TEXT/PLAIN (39 lines)

On Mon, 25 Aug 1997 [log in to unmask] wrote:

> The encoding of URLs that cannot be represented legally without encoding in
> MIME Content-base or Content location headers MUST employ the encoding
> method described in RFC 2047. If the URL to be encoded contains only octets
> in the ABNF range %d32-126 then a RFC 2047 charset parameter value of
> "US-ASCII" or "UNKNOWN-8BIT" [RFC 1428] MUST be specified. If the URL to be
> encoded contains octets in the ABNF ranges %d0-31 or %d127-255, then an RFC
> 2047 charset parameter value of "UNKNOWN-8BIT" [RFC 1428] MUST be
> specified.
>       ASIDE - We could require "UNKNOWN-8BIT" in all cases and be
>       done with it! Note, the use of "UTF-8" is problematic because
>       in that case, 2047 decoding may be to a local character set.
>       This is not possible in the case of "UNKNOWN-8BIT".

The use of UTF-8 is very problematic because the octets taken out
of an HTML document won't have anything to do with UTF-8 unless
the HTML document itself is in UTF-8 (which is a rare case currently
and nothing necessitating special treatment in the future).
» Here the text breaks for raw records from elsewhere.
lemma first_hitting_time:
  fixes f :: "real \<Rightarrow> real"
  assumes cont: "continuous_on {a..b} f" and "a \<le> b" "c < f a" "f b \<le> c"
  obtains t where "a \<le> t" "t \<le> b" "f t \<le> c" "\<And>s. a \<le> s \<Longrightarrow> s < t \<Longrightarrow> c < f s"
proof -
  define Z where "Z = {a..b} \<inter> f -` {..c}"
  have "closed Z"
    unfolding Z_def by (rule continuous_closed_preimage) (use cont in auto)
  moreover have "b \<in> Z" "bdd_below Z"
    using assms by (auto simp: Z_def bdd_below_def)
  ultimately have "Inf Z \<in> Z" using closed_contains_Inf by blast
  moreover have "c < f s" if "a \<le> s" "s < Inf Z" for s
    using cInf_lower[of s Z] \<open>bdd_below Z\<close> \<open>Inf Z \<in> Z\<close> that by (force simp: Z_def)
  ultimately show thesis by (intro that[of "Inf Z"]) (auto simp: Z_def)
qed

lemma last_hitting_time:
  fixes f :: "real \<Rightarrow> real"
  assumes cont: "continuous_on {a..b} f" and "a \<le> b" "c \<le> f a" "f b < c"
  obtains t where "a \<le> t" "t \<le> b" "c \<le> f t" "\<And>s. t < s \<Longrightarrow> s \<le> b \<Longrightarrow> f s < c"
proof -
  define Z where "Z = {a..b} \<inter> f -` {c..}"
  have "closed Z"
    unfolding Z_def by (rule continuous_closed_preimage) (use cont in auto)
  moreover have "a \<in> Z" "bdd_above Z"
    using assms by (auto simp: Z_def bdd_above_def)
  ultimately have "Sup Z \<in> Z" using closed_contains_Sup by blast
  moreover have "f s < c" if "Sup Z < s" "s \<le> b" for s
    using cSup_upper[of s Z] \<open>bdd_above Z\<close> \<open>Sup Z \<in> Z\<close> that by (force simp: Z_def)
  ultimately show thesis by (intro that[of "Sup Z"]) (auto simp: Z_def)
qed

lemma DERIV_within_barrier_nonneg:
  fixes f :: "real \<Rightarrow> real"
  assumes der: "\<forall>t\<ge>0. (f has_real_derivative f' t) (at t within {0..})"
    and "0 < c" "0 \<le> f 0"
    and barrier: "\<And>t. 0 < t \<Longrightarrow> - c < f t \<Longrightarrow> f t < 0 \<Longrightarrow> 0 \<le> f' t"
    and "0 \<le> T"
  shows "0 \<le> f T"
proof (rule ccontr)
  assume "\<not> 0 \<le> f T"
  have cont: "continuous_on {0..x} f" for x
    by (rule continuous_on_subset[OF continuous_on_from_DERIV_within[of f f']]) (use der in auto)
  define d where "d = max (f T) (- c / 2)"
  have d: "- c < d" "d < 0"
    using \<open>0 < c\<close> \<open>\<not> 0 \<le> f T\<close> by (auto simp: d_def)
  obtain t1 where t1: "0 \<le> t1" "f t1 \<le> d" and above: "\<And>s. 0 \<le> s \<Longrightarrow> s < t1 \<Longrightarrow> d < f s"
    by (rule first_hitting_time[OF cont \<open>0 \<le> T\<close>, of d]) (use d \<open>0 \<le> f 0\<close> in \<open>auto simp: d_def\<close>)
  obtain t0 where t0: "0 \<le> t0" "t0 \<le> t1" "0 \<le> f t0" and below: "\<And>s. t0 < s \<Longrightarrow> s \<le> t1 \<Longrightarrow> f s < 0"
    by (rule last_hitting_time[OF cont \<open>0 \<le> t1\<close>, of 0]) (use d t1 \<open>0 \<le> f 0\<close> in auto)
  have "f t0 \<le> f t1"
  proof (rule DERIV_within_nonneg_imp_increasing[where f' = f', OF _ t0(1,2)])
    show "0 \<le> f' t" if "t0 < t" "t < t1" for t
      using above[of t] below[of t] d t0 that by (intro barrier) auto
  qed (rule der)
  with t0 t1 d show False by simp
qed
(* Let $I=(a..c)$ be a conserved interval of $\mathcal{P}$ and let $F$ be a set of frontiers of $I$. Then, in each $P_k$, the elements of $F$ are either all positive or all negative.
   Context: Let $n\geq 2$ and let $\mathcal{P}=\{P_1,\ldots,P_K\}$ be signed permutations of $\{1,\ldots,n\}$: each $P_k$ is an ordering of $1,\ldots,n$ in which each element carries a sign $+$ (positive) or $-$ (negative). Assume $P_1=(+1,+2,\ldots,+n)$ and that every $P_k$ has first element $+1$ and last element $+n$. For integers $i\leq j$ write $(i..j)=\{i,\ldots,j\}$. A conserved interval of $\mathcal{P}$ is either a singleton, or a set $(a..c)$ with $a<c$ which (ignoring signs) occupies consecutive positions in every $P_k$ and which, in every $P_k$, has either $+a$ at its left end and $+c$ at its right end, or $-c$ at its left end and $-a$ at its right end. For a conserved interval $I=(a..c)$, a set $\{f_1,\ldots,f_k\}$ with $a=f_1<f_2<\cdots<f_k=c$ is a set of frontiers of $I$ if $(f_i..f_j)$ is a conserved interval for all $1\leq i<j\leq k$. *)

theory Defs
  imports Main
begin

(* A signed permutation of {1..n} is an int list: entry x stands for element |x|
   with sign + if x > 0 and - if x < 0. *)
definition signed_perm :: "nat \<Rightarrow> int list \<Rightarrow> bool" where
  "signed_perm n xs \<longleftrightarrow> length xs = n \<and> distinct (map abs xs) \<and> set (map abs xs) = {1..int n}"

definition conserved_in :: "int list \<Rightarrow> int \<Rightarrow> int \<Rightarrow> bool" where
  "conserved_in xs a c \<longleftrightarrow> a < c \<and>
     (\<exists>i j. i < j \<and> j < length xs \<and>
        set (map abs (take (j - i + 1) (drop i xs))) = {a..c} \<and>
        ((xs ! i = a \<and> xs ! j = c) \<or> (xs ! i = - c \<and> xs ! j = - a)))"

definition conserved :: "nat \<Rightarrow> int list list \<Rightarrow> int \<Rightarrow> int \<Rightarrow> bool" where
  "conserved n Ps a c \<longleftrightarrow>
     (a = c \<and> a \<in> {1..int n}) \<or> (a < c \<and> (\<forall>xs\<in>set Ps. conserved_in xs a c))"

definition frontiers :: "nat \<Rightarrow> int list list \<Rightarrow> int \<Rightarrow> int \<Rightarrow> int set \<Rightarrow> bool" where
  "frontiers n Ps a c F \<longleftrightarrow> F \<subseteq> {a..c} \<and> a \<in> F \<and> c \<in> F \<and>
     (\<forall>f\<in>F. \<forall>g\<in>F. f < g \<longrightarrow> conserved n Ps f g)"

end

theory Submission
  imports Defs
begin

text \<open>Every frontier f < c of I delimits, together with c, the conserved interval (f..c), whose
  ends carry equal signs in each permutation. Hence in each permutation all frontiers carry the
  sign of c; since no element occurs with both signs, this sign is well defined.\<close>

lemma signed_perm_not_both_signs:
  assumes "signed_perm n xs" "x \<in> set xs"
  shows "- x \<notin> set xs"
proof
  assume neg: "- x \<in> set xs"
  have inj: "inj_on abs (set xs)" using assms(1) by (simp add: signed_perm_def distinct_map)
  have "x = - x" using inj_onD[OF inj _ assms(2) neg] by simp
  hence "x = 0" by simp
  moreover have "\<bar>x\<bar> \<in> set (map abs xs)" using assms(2) by simp
  ultimately show False using assms(1) by (simp add: signed_perm_def)
qed

lemma signed_perm_mem_or_neg_mem:
  assumes "signed_perm n xs" "a \<in> {1..int n}"
  shows "a \<in> set xs \<or> - a \<in> set xs"
proof -
  have "a \<in> set (map abs xs)" using assms by (simp add: signed_perm_def)
  then obtain y where "y \<in> set xs" "\<bar>y\<bar> = a" by auto
  thus ?thesis by (cases "y \<ge> 0") auto
qed

lemma conserved_in_ends_same_sign:
  assumes "conserved_in xs a c"
  shows "(a \<in> set xs \<and> c \<in> set xs) \<or> (- c \<in> set xs \<and> - a \<in> set xs)"
  using assms unfolding conserved_in_def by (metis less_trans nth_mem)

lemma conserved_in_left_end_pos:
  assumes "signed_perm n xs" "conserved_in xs a c" "c \<in> set xs"
  shows "a \<in> set xs"
  using conserved_in_ends_same_sign[OF assms(2)] signed_perm_not_both_signs[OF assms(1,3)]
  by blast

lemma conserved_in_left_end_neg:
  assumes "signed_perm n xs" "conserved_in xs a c" "- c \<in> set xs"
  shows "- a \<in> set xs"
  using conserved_in_ends_same_sign[OF assms(2)] signed_perm_not_both_signs[OF assms(1,3)]
  by auto

theorem lemma6:
  fixes n :: nat and Ps :: "int list list" and a c :: int and F :: "int set"
  assumes "n \<ge> 2"
    and "Ps \<noteq> []"
    and "hd Ps = [1..int n]"
    and "\<forall>xs\<in>set Ps. signed_perm n xs \<and> hd xs = 1 \<and> last xs = int n"
    and "conserved n Ps a c"
    and "frontiers n Ps a c F"
  shows "\<forall>xs\<in>set Ps. (\<forall>f\<in>F. f \<in> set xs) \<or> (\<forall>f\<in>F. - f \<in> set xs)"
proof
  fix xs assume xs: "xs \<in> set Ps"
  have sp: "signed_perm n xs" using assms(4) xs by blast
  have F: "F \<subseteq> {a..c}" "a \<in> F" "c \<in> F" "\<forall>f\<in>F. \<forall>g\<in>F. f < g \<longrightarrow> conserved n Ps f g"
    using assms(6) unfolding frontiers_def by auto
  have to_c: "conserved_in xs f c" if "f \<in> F" "f < c" for f
    using F(3,4) that xs unfolding conserved_def by auto
  have "c \<in> set xs \<or> - c \<in> set xs"
  proof (cases "a = c")
    case True
    then show ?thesis using assms(5) signed_perm_mem_or_neg_mem[OF sp]
      unfolding conserved_def by auto
  next
    case False
    then show ?thesis using conserved_in_ends_same_sign[OF to_c[OF F(2)]] F(1,2) by force
  qed
  moreover have "f = c \<or> f < c" if "f \<in> F" for f using F(1) that by force
  ultimately show "(\<forall>f\<in>F. f \<in> set xs) \<or> (\<forall>f\<in>F. - f \<in> set xs)"
    using conserved_in_left_end_pos[OF sp to_c] conserved_in_left_end_neg[OF sp to_c] by metis
qed

end
theorem lemma4:
  fixes A :: "(real^'n^'n)^'m" and b :: "real^'m" and C :: "real^'n^'n"
    and Y :: "real^'p^'n" and eps_g eps_H fstar R :: real
  assumes symA: "\<forall>i. sym_mat (A$i)"
    and symC: "sym_mat C"
    and ne: "feas A b \<noteq> {}"
    and A1: "assumption1 A b TYPE('p)"
    and cpt: "compact (feas A b)"
    and fstar_def: "fstar = Inf ((\<lambda>X. frob C X) ` feas A b)"
    and R_def: "R = Sup (trace ` feas A b)"
    and eps_g: "0 \<le> eps_g" and eps_H: "0 \<le> eps_H"
    and YM: "Y \<in> Mp A b"
    and grad: "frob_norm (rgrad A C Y) \<le> eps_g"
    and hess: "psd (Smat A C Y + (eps_H / 2) *\<^sub>R mat 1)"
  shows "0 \<le> 2 * (gfun C Y - fstar)
         \<and> 2 * (gfun C Y - fstar) \<le> eps_H * R + eps_g * sqrt R
         \<and> (mat 1 \<in> range (opAadj A) \<longrightarrow> 2 * (gfun C Y - fstar) \<le> eps_H * R)
         \<and> (((\<exists>t. \<forall>X\<in>feas A b. trace X = t) \<and> (\<exists>X\<in>feas A b. pd X))
              \<longrightarrow> mat 1 \<in> range (opAadj A))"
proof -
  let ?s = "frob (Smat A C Y) (Y ** transpose Y)"
  note bdd = compact_feas_bounded[OF cpt]
  have YYt: "Y ** transpose Y \<in> feas A b" using mult_transpose_in_feas[OF YM] .
  have trace_le: "\<forall>X\<in>feas A b. trace X \<le> R" using bdd(2) by (simp add: R_def cSup_upper)
  have "fstar \<le> gfun C Y" using YYt bdd(1) by (simp add: fstar_def gfun_eq_frob cInf_lower)
  moreover have gap: "2 * (gfun C Y - fstar) \<le> eps_H * R + 2 * ?s"
    using gfun_minus_Inf_le[OF YM ne _ hess trace_le] eps_H by (simp add: fstar_def)
  moreover have "2 * ?s \<le> eps_g * sqrt R"
  proof -
    have "2 * ?s \<le> frob_norm (rgrad A C Y) * sqrt (trace (Y ** transpose Y))"
      by (rule frob_Smat_le_norm_rgrad)
    also have "\<dots> \<le> eps_g * sqrt R"
    proof (rule mult_mono[OF grad])
      show "sqrt (trace (Y ** transpose Y)) \<le> sqrt R" using trace_le YYt by simp
      show "0 \<le> sqrt (trace (Y ** transpose Y))" by (simp add: norm_squared_eq_trace[symmetric])
    qed (rule eps_g)
    finally show ?thesis .
  qed
  moreover have "2 * (gfun C Y - fstar) \<le> eps_H * R" if "mat 1 \<in> range (opAadj A)"
    using gap frob_Smat_eq_0_if_mat1_in_range[OF that, of C Y] by simp
  moreover have "mat 1 \<in> range (opAadj A)"
    if "\<exists>t. \<forall>X\<in>feas A b. trace X = t" and "\<exists>X\<in>feas A b. pd X"
    using that mat1_in_range_opAadj[OF symA] by blast
  ultimately show ?thesis by auto
qed

end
URLs are indeed moving towards UTF-8, but not in the sense that
raw UTF-8 octets would be included e.g. in an iso-8859-1 document.
HTML transports characters, and so an iso-8859-1 document will
transport characters in iso-8859-1 (+others with SGML/HTML
constructs). It is only when the URL is prepared for a HTTP
request, or otherwise extracted from the document, that it will
be converted (as a kind of "normalization") to UTF-8.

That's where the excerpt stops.